** SUPPLIED MATERIAL follows **

(* Let $m\ge 2$, $\widetilde m\ge 1$, and let $\ell_1=\lfloor (m+\widetilde m)/2\rfloor$, $\ell_2=\lceil (m+\widetilde m)/2\rceil$. Let $\mathcal{T}^1=(t^1_i)_{i\in\mathbb{Z}}$ be strictly increasing and let $\mathcal{T}^0=(t^0_i)_{i\in\mathbb{Z}}$ with $t^0_i=t^1_{2i}$. Set $V_0=S_{m,\mathcal{T}^0}$, $V_1=S_{m,\mathcal{T}^1}$. For each $k$ let $$\Xi_k=\big(t^0_{k+1-\ell_1},t^0_{k+2-\ell_1},\dots,t^0_k,\;t^1_{2k+1},\;t^0_{k+1},\dots,t^0_{k+\ell_2}\big)$$ (a strictly increasing sequence of $m+\widetilde m+1$ knots), let $N^{\Xi_k}_{m+\widetilde m}$ be the B-spline of order $m+\widetilde m$ with knots $\Xi_k$, and define the wavelet $\psi_k=\alpha_k\,\frac{d^{\widetilde m}}{dt^{\widetilde m}}N^{\Xi_k}_{m+\widetilde m}$ with a constant $\alpha_k\neq 0$. Then: (1) For each $k$ there are $\sigma_k\in V_0$ and $\gamma_k\in\mathbb{R}$, $\gamma_k\ne 0$, such that $\psi_k(t)=\sigma_k(t)+\gamma_k\,(t-t^1_{2k+1})_+^{m-1}$ for all $t\in\mathbb{R}$. (2) Let $s_1\in V_1$ be compactly supported and suppose $s_1=s_0+\sum_k d_k\psi_k$ (finite sum) with $s_0\in V_0$ and $d_k\in\mathbb{R}$. Write $s_1(t)=\sum_{i\in\mathbb{Z}}a_i\,(t-t^1_i)_+^{m-1}$ (truncated power representation). Then for every $k$, $$d_k=\frac{a_{2k+1}}{\gamma_k},$$ where $a_{2k+1}$ equals $\frac{1}{(m-1)!}$ times the jump of $s_1^{(m-1)}$ at $t^1_{2k+1}$ and $\gamma_k$ equals $\frac{1}{(m-1)!}$ times the jump of $\psi_k^{(m-1)}$ at $t^1_{2k+1}$.
   Context: For a strictly increasing knot sequence $\mathcal{T}=(t_i)_{i\in\mathbb{Z}}$ and an integer $m\ge 2$, the spline space of order $m$ is $S_{m,\mathcal{T}}=\{f\in C^{m-2}(\mathbb{R}): f|_{(t_i,t_{i+1}]}\text{ is a polynomial of degree}<m \text{ for all } i\}$. For a finite strictly increasing knot sequence $\xi_0<\xi_1<\dots<\xi_{r}$, the B-spline of order $r$ with these knots is the (up to normalization unique) nonzero piecewise polynomial of degree $<r$ with breakpoints $\xi_i$, in $C^{r-2}(\mathbb{R})$, supported on $[\xi_0,\xi_r]$ (normalized, e.g., so that B-splines form a partition of unity; the normalization is absorbed in $\alpha_k$). The truncated power is $(t)_+^{j}=\chi_{(0,\infty)}(t)\,t^j$. The jump of a piecewise constant function $g$ at $\tau$ means $g(\tau+)-g(\tau-)$. *)

theory Defs
  imports "HOL-Analysis.Analysis" "HOL-Computational_Algebra.Polynomial"
begin

definition C_k :: "nat \<Rightarrow> (real \<Rightarrow> real) \<Rightarrow> bool" where
  "C_k n f \<longleftrightarrow> (\<forall>j<n. \<forall>x. ((deriv ^^ j) f) differentiable (at x))
                 \<and> continuous_on UNIV ((deriv ^^ n) f)"

definition poly_on :: "nat \<Rightarrow> real set \<Rightarrow> (real \<Rightarrow> real) \<Rightarrow> bool" where
  "poly_on m S f \<longleftrightarrow> (\<exists>p :: real poly. degree p < m \<and> (\<forall>x\<in>S. f x = poly p x))"

definition spline_space :: "nat \<Rightarrow> (int \<Rightarrow> real) \<Rightarrow> (real \<Rightarrow> real) set" where
  "spline_space m T = {f. C_k (m - 2) f \<and> (\<forall>i. poly_on m {T i<..T (i+1)} f)}"

definition is_bspline :: "nat \<Rightarrow> (nat \<Rightarrow> real) \<Rightarrow> (real \<Rightarrow> real) \<Rightarrow> bool" where
  "is_bspline r xi N \<longleftrightarrow> (\<exists>x. N x \<noteq> 0) \<and> C_k (r - 2) N
     \<and> (\<forall>i<r. poly_on r {xi i<..xi (Suc i)} N)
     \<and> (\<forall>x. x < xi 0 \<or> xi r < x \<longrightarrow> N x = 0)"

** End of SUPPLIED MATERIAL **

■ **DIRECTIONS**:
Begin at the line above that has "real set \<Rightarrow>" and stop after the line that has "(nat \<Rightarrow> real)", copying each line exactly and adding nothing else.

■ **RESPONSE TO THIS EXERCISE**:
definition poly_on :: "nat \<Rightarrow> real set \<Rightarrow> (real \<Rightarrow> real) \<Rightarrow> bool" where
  "poly_on m S f \<longleftrightarrow> (\<exists>p :: real poly. degree p < m \<and> (\<forall>x\<in>S. f x = poly p x))"

definition spline_space :: "nat \<Rightarrow> (int \<Rightarrow> real) \<Rightarrow> (real \<Rightarrow> real) set" where
  "spline_space m T = {f. C_k (m - 2) f \<and> (\<forall>i. poly_on m {T i<..T (i+1)} f)}"

definition is_bspline :: "nat \<Rightarrow> (nat \<Rightarrow> real) \<Rightarrow> (real \<Rightarrow> real) \<Rightarrow> bool" where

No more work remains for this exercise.